Dès le plus jeune âge, nos parents et nos éducateurs nous ont répété que « la violence ne résout  jamais rien » et toute la société s’est jointe par la suite au chœur des non-violents.

Pour notre époque, le recours à la violence est pire qu’un échec, c’est une aberration.

Tout doit être désormais résolu par le dialogue, l’empathie et la compréhension mutuelle de nos différences.

Il s’agit là d’une immense erreur aussi bien sur le plan psychologique que politique.

Psychologiquement, il est capital d’admettre que la violence fait partie de la condition humaine.

Les rédacteurs de la Bible en avaient eu l’intuition en faisant de l’Humanité les descendants de Caïn, ce fils d’Adam et Eve qui tua par jalousie son frère, Abel, préféré par Dieu. De la même manière, la plupart des contes traditionnels comportent des éléments de grande violence, souvent expurgés dans leurs versions contemporaine, afin de préparer les enfants à la cruauté du monde. Plus proche de nous, le grand psychiatre Carl Jung expliqua qu’une personnalité parfaitement intégrée est celle qui est parvenue à accepter et à assimiler sa part « d’ombre », c’est-à-dire ce qu’il y a d’inférieur, de primitif et d’imparfait en nous. Si, terrifié par sa propre violence, l’être humain choisit de la nier et de la refouler, refusant, comme le chantait le poète, de se donner la  « permission de meurtrir et de mutiler » alors il s’expose non seulement au risque de la névrose mais surtout à un retour aussi  dévastateur qu’imprévisible de  cette violence contenue.

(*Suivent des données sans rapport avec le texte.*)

(* For every $\Delta^0_2$ set $X$ with $\emptyset'\not\leq_T X$, there exists a $\Delta^0_2$ function $f:\omega\to\omega$ such that $X$ computes no function $g:\omega\to\omega$ with $g(x)\neq f(x)$ for all $x\in\omega$.
   Context: A set or function is $\Delta^0_2$ if it is computable from $\emptyset'$. A function $g$ with $g(x)\neq f(x)$ for all $x$ is called $f$-diagonalizing. *)

theory Defs
  imports Main "HOL-Library.Nat_Bijection"
begin

text \<open>Programs for partial recursive functions relative to an oracle
(Kleene's mu-recursive functions with an oracle function symbol).\<close>

datatype rf = Zero | Succ | Proj nat | Oracle | Comp rf "rf list" | Prim rf rf | Mu rf

inductive evalo :: "(nat \<Rightarrow> nat) \<Rightarrow> rf \<Rightarrow> nat list \<Rightarrow> nat \<Rightarrow> bool"
  for orc :: "nat \<Rightarrow> nat" where
  ev_zero: "evalo orc Zero xs 0"
| ev_succ: "evalo orc Succ (x # xs) (Suc x)"
| ev_proj: "i < length xs \<Longrightarrow> evalo orc (Proj i) xs (xs ! i)"
| ev_oracle: "evalo orc Oracle (x # xs) (orc x)"
| ev_comp: "list_all2 (\<lambda>g y. evalo orc g xs y) gs ys \<Longrightarrow> evalo orc f ys z \<Longrightarrow> evalo orc (Comp f gs) xs z"
| ev_prim0: "evalo orc f xs z \<Longrightarrow> evalo orc (Prim f g) (0 # xs) z"
| ev_primS: "evalo orc (Prim f g) (n # xs) y \<Longrightarrow> evalo orc g (n # y # xs) z \<Longrightarrow> evalo orc (Prim f g) (Suc n # xs) z"
| ev_mu: "evalo orc f (n # xs) 0 \<Longrightarrow> (\<forall>m<n. \<exists>v. evalo orc f (m # xs) (Suc v)) \<Longrightarrow> evalo orc (Mu f) xs n"

primrec enc :: "rf \<Rightarrow> nat" where
  "enc Zero = prod_encode (0, 0)"
| "enc Succ = prod_encode (1, 0)"
| "enc (Proj i) = prod_encode (2, i)"
| "enc Oracle = prod_encode (3, 0)"
| "enc (Comp f gs) = prod_encode (4, prod_encode (enc f, list_encode (map enc gs)))"
| "enc (Prim f g) = prod_encode (5, prod_encode (enc f, enc g))"
| "enc (Mu f) = prod_encode (6, enc f)"

definition chi :: "nat set \<Rightarrow> nat \<Rightarrow> nat" where
  "chi A n = (if n \<in> A then 1 else 0)"

definition comp_by :: "(nat \<Rightarrow> nat) \<Rightarrow> (nat \<Rightarrow> nat) \<Rightarrow> bool" where
  "comp_by orc f \<longleftrightarrow> (\<exists>p. \<forall>x. evalo orc p [x] (f x))"

definition turing_le :: "nat set \<Rightarrow> nat set \<Rightarrow> bool" where
  "turing_le A B \<longleftrightarrow> comp_by (chi B) (chi A)"

text \<open>The halting set emptyset' = {e. phi_e(e) converges} (unrelativised: oracle constantly 0).\<close>
definition halting :: "nat set" where
  "halting = {n. \<exists>p. enc p = n \<and> (\<exists>v. evalo (\<lambda>_. 0) p [n] v)}"

definition Delta02_fun :: "(nat \<Rightarrow> nat) \<Rightarrow> bool" where
  "Delta02_fun f \<longleftrightarrow> comp_by (chi halting) f"

definition Delta02_set :: "nat set \<Rightarrow> bool" where
  "Delta02_set X \<longleftrightarrow> Delta02_fun (chi X)"

end

theory Submission
  imports Defs
begin

text \<open>For \<open>x = \<langle>e, n\<rangle>\<close> let \<open>diag_fun X x\<close> be the output of the oracle program coded by \<open>e\<close>
  on input \<open>x\<close>, run with the finite oracle \<open>X\<restriction>s(n)\<close>, where \<open>s(n)\<close> bounds the search for a
  witness of \<open>n \<in> \<emptyset>'\<close>. Since \<open>X \<le>\<^sub>T \<emptyset>'\<close>, this function is \<open>\<Delta>\<^sup>0\<^sub>2\<close>: \<open>\<emptyset>'\<close> computes \<open>s\<close> and
  \<open>X\<restriction>s(n)\<close>, decides whether the finite run converges, and if so finds its output.
  Suppose \<open>X\<close> computes \<open>g\<close> with \<open>g x \<noteq> diag_fun X x\<close> for all \<open>x\<close>, by the program coded by \<open>e\<close>.
  By the use principle every computation of \<open>g \<langle>e, n\<rangle>\<close> queries \<open>X\<close> at some argument \<open>\<ge> s(n)\<close>,
  for otherwise it is a run with oracle \<open>X\<restriction>s(n)\<close> and \<open>diag_fun X \<langle>e, n\<rangle> = g \<langle>e, n\<rangle>\<close>.
  So the least witness of that computation, an \<open>X\<close>-computable function of \<open>n\<close>, dominates \<open>s\<close>,
  and \<open>X\<close> computes \<open>\<emptyset>'\<close>.

  Convergence of oracle programs is expressed by numerical codes of finite derivations, whose
  correctness is decided by primitive recursive expressions that compile into programs; a
  derivation coded by \<open>w\<close> consults the oracle only at arguments \<open>\<le> w\<close>.\<close>

section \<open>Oracle programs\<close>

lemma comp_by_oracle: "comp_by orc orc"
  unfolding comp_by_def by (intro exI[of _ Oracle]) (auto intro: ev_oracle)

inductive_cases zeroE: "evalo orc Zero xs z"
  and succE: "evalo orc Succ xs z"
  and projE: "evalo orc (Proj i) xs z"
  and oracleE: "evalo orc Oracle xs z"
  and compE: "evalo orc (Comp f gs) xs z"
  and primE: "evalo orc (Prim f g) xs z"
  and muE: "evalo orc (Mu f) xs z"

lemma list_all2_unique:
  "list_all2 (\<lambda>x y. \<forall>y'. R x y' \<longrightarrow> y = y') xs ys \<Longrightarrow> list_all2 R xs ys' \<Longrightarrow> ys = ys'"
  by (induction xs arbitrary: ys ys') (auto simp: list_all2_Cons1)

lemma evalo_deterministic: "evalo orc p xs a \<Longrightarrow> evalo orc p xs b \<Longrightarrow> a = b"
proof (induction arbitrary: b rule: evalo.induct)
  case (ev_comp xs gs ys f z)
  from ev_comp.prems obtain ys' where args: "list_all2 (\<lambda>g y. evalo orc g xs y) gs ys'"
    and "evalo orc f ys' b"
    by (rule compE) blast
  moreover have "list_all2 (\<lambda>g y. \<forall>y'. evalo orc g xs y' \<longrightarrow> y = y') gs ys"
    using ev_comp(1) by (rule list_all2_mono) blast
  then have "ys = ys'" using args by (rule list_all2_unique)
  ultimately show ?case using ev_comp.IH by blast
next
  case (ev_prim0 f xs z g)
  from ev_prim0.prems show ?case by (rule primE) (simp_all add: ev_prim0.IH)
next
  case (ev_primS f g n xs y z)
  from ev_primS.prems show ?case
  proof (rule primE)
    fix n' xs' y' assume "Suc n # xs = Suc n' # xs'" "evalo orc (Prim f g) (n' # xs') y'"
      "evalo orc g (n' # y' # xs') b"
    then show "z = b" using ev_primS.IH by auto
  qed simp
next
  case (ev_mu f n xs)
  from ev_mu.prems obtain n' where b: "b = n'" and z: "evalo orc f (n' # xs) 0"
    and below: "\<forall>m<n'. \<exists>v. evalo orc f (m # xs) (Suc v)"
    by (rule muE) blast
  have "\<not> n < n'" using below ev_mu.IH(1) by fastforce
  moreover have "\<not> n' < n" using z ev_mu.IH(2) by fastforce
  ultimately show ?case using b by simp
qed (auto elim: zeroE succE projE oracleE)

lemma enc_injective: "enc p = enc q \<Longrightarrow> p = q"
proof (induction p arbitrary: q)
  case (Comp f gs)
  from Comp.prems obtain f' gs' where q: "q = Comp f' gs'" by (cases q) auto
  with Comp.prems have "enc f = enc f'" "list_encode (map enc gs) = list_encode (map enc gs')" by auto
  then have "f = f'" "map enc gs = map enc gs'" using Comp.IH(1) by (auto simp: list_encode_eq)
  moreover have "gs = gs'" using list.inj_map_strong[OF _ \<open>map enc gs = map enc gs'\<close>] Comp.IH(2) by blast
  ultimately show ?case using q by simp
next
  case (Prim f g) then show ?case by (cases q) auto
next
  case (Mu f) then show ?case by (cases q) auto
qed (case_tac q; auto)+

primrec const_prog :: "nat \<Rightarrow> rf" where
  "const_prog 0 = Zero"
| "const_prog (Suc v) = Comp Succ [const_prog v]"

lemma evalo_const_prog: "evalo orc (const_prog v) xs v"
proof (induction v)
  case 0 then show ?case by (simp add: ev_zero)
next
  case (Suc v)
  have "list_all2 (\<lambda>g y. evalo orc g xs y) [const_prog v] [v]" using Suc by simp
  then show ?case by (simp, rule ev_comp) (rule ev_succ)
qed

lemma evalo_Comp_const_progs: "evalo orc (Comp p (map const_prog vs)) xs z \<longleftrightarrow> evalo orc p vs z"
proof
  assume "evalo orc (Comp p (map const_prog vs)) xs z"
  then obtain ys where ys: "list_all2 (\<lambda>g y. evalo orc g xs y) (map const_prog vs) ys" "evalo orc p ys z"
    by (rule compE) blast
  have "\<forall>v y'. evalo orc (const_prog v) xs y' \<longrightarrow> v = y'"
    using evalo_deterministic evalo_const_prog by blast
  then have "list_all2 (\<lambda>g y. \<forall>y'. evalo orc g xs y' \<longrightarrow> y = y') (map const_prog vs) vs"
    by (simp add: list_all2_conv_all_nth)
  then have "vs = ys" using ys(1) by (rule list_all2_unique)
  then show "evalo orc p vs z" using ys(2) by simp
next
  assume "evalo orc p vs z"
  then show "evalo orc (Comp p (map const_prog vs)) xs z"
    by (intro ev_comp[where ys = vs]) (auto simp: list_all2_conv_all_nth evalo_const_prog)
qed

section \<open>Primitive recursive expressions over computable functions\<close>

text \<open>Variables are de Bruijn indices into the environment; in \<open>Rec n b s\<close> the step \<open>s\<close> is
  evaluated in the environment \<open>i # acc # env\<close>.\<close>

datatype pexp = V nat | Z | S pexp | Fn "nat \<Rightarrow> nat" pexp | Cp pexp "pexp list" | Rec pexp pexp pexp

primrec eval :: "pexp \<Rightarrow> nat list \<Rightarrow> nat" where
  "eval (V i) env = env ! i"
| "eval Z env = 0"
| "eval (S e) env = Suc (eval e env)"
| "eval (Fn F e) env = F (eval e env)"
| "eval (Cp e as) env = eval e (map (\<lambda>a. eval a env) as)"
| "eval (Rec n b s) env = rec_nat (eval b env) (\<lambda>i acc. eval s (i # acc # env)) (eval n env)"

primrec scoped :: "nat \<Rightarrow> pexp \<Rightarrow> bool" where
  "scoped k (V i) = (i < k)"
| "scoped k Z = True"
| "scoped k (S e) = scoped k e"
| "scoped k (Fn F e) = scoped k e"
| "scoped k (Cp e as) = (scoped (length as) e \<and> list_all (scoped k) as)"
| "scoped k (Rec n b s) = (scoped k n \<and> scoped k b \<and> scoped (Suc (Suc k)) s)"

primrec fns_comp_by :: "(nat \<Rightarrow> nat) \<Rightarrow> pexp \<Rightarrow> bool" where
  "fns_comp_by orc (V i) = True"
| "fns_comp_by orc Z = True"
| "fns_comp_by orc (S e) = fns_comp_by orc e"
| "fns_comp_by orc (Fn F e) = (comp_by orc F \<and> fns_comp_by orc e)"
| "fns_comp_by orc (Cp e as) = (fns_comp_by orc e \<and> list_all (fns_comp_by orc) as)"
| "fns_comp_by orc (Rec n b s) = (fns_comp_by orc n \<and> fns_comp_by orc b \<and> fns_comp_by orc s)"

lemma evalo_Prim_rec_nat:
  assumes b: "evalo orc pb env bv"
    and s: "\<And>i acc. evalo orc pstep (i # acc # env) (sf i acc)"
  shows "evalo orc (Prim pb pstep) (n # env) (rec_nat bv sf n)"
proof (induction n)
  case 0 then show ?case using b by (simp add: ev_prim0)
next
  case (Suc n) then show ?case using s by (auto intro: ev_primS)
qed

lemma evalo_Proj_list:
  "list_all2 (\<lambda>g y. evalo orc g env y) (map Proj [0..<length env]) env"
  by (auto simp: list_all2_conv_all_nth intro: ev_proj)

lemma programs_for_pexp_list:
  assumes "\<forall>a\<in>set as. \<exists>p. \<forall>env. length env = k \<longrightarrow> evalo orc p env (eval a env)"
  shows "\<exists>qs. \<forall>env. length env = k \<longrightarrow> list_all2 (\<lambda>g y. evalo orc g env y) qs (map (\<lambda>a. eval a env) as)"
  using assms
proof (induction as)
  case Nil then show ?case by auto
next
  case (Cons a as)
  then obtain qs where qs: "\<forall>env. length env = k \<longrightarrow> list_all2 (\<lambda>g y. evalo orc g env y) qs (map (\<lambda>a. eval a env) as)" by auto
  from Cons.prems obtain p where "\<forall>env. length env = k \<longrightarrow> evalo orc p env (eval a env)" by auto
  with qs show ?case by (intro exI[of _ "p # qs"]) auto
qed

Pour un individu comme pour la société à laquelle il appartient, tout l’enjeu consiste à accepter cette violence et de trouver des moyens de la canaliser, par exemple en la dirigeant contre les ennemis du groupe (guerre, rivalité), de la ritualiser à travers des compétitions sportives, des cérémonies religieuses ou de certains manifestations populaires (carnaval, corrida) ou encore de l’homéopathiser via le jeu ou la culture de la vanne que l’on retrouve particulièrement dans les groupes ou les activités essentiellement masculines.

Rien n’est plus dangereux et destructeur pour la psyché que de refuser cette part d’ombre et nier la puissance de cette vie intérieure qui possède ses exigences propres. C’est pourtant ce que font tous ceux qui cherchent à expurger tout conflit et toute confrontation de la société en se faisant les apôtres inconditionnels de la bienveillance et de la non-violence, comme ces antispécistes qui refusent jusqu’à tuer les moustiques.

Dépassant désormais le seul cas du trouble individuel, ce refus de la violence devient aujourd’hui un phénomène politique concernant l’ensemble de la société.  Au-delà  de l’authentique violence physique, psychologique ou verbale, la  juste sanction, l’autorité et les hiérarchies sont  désormais perçues comme des violences et à ce titre condamnées.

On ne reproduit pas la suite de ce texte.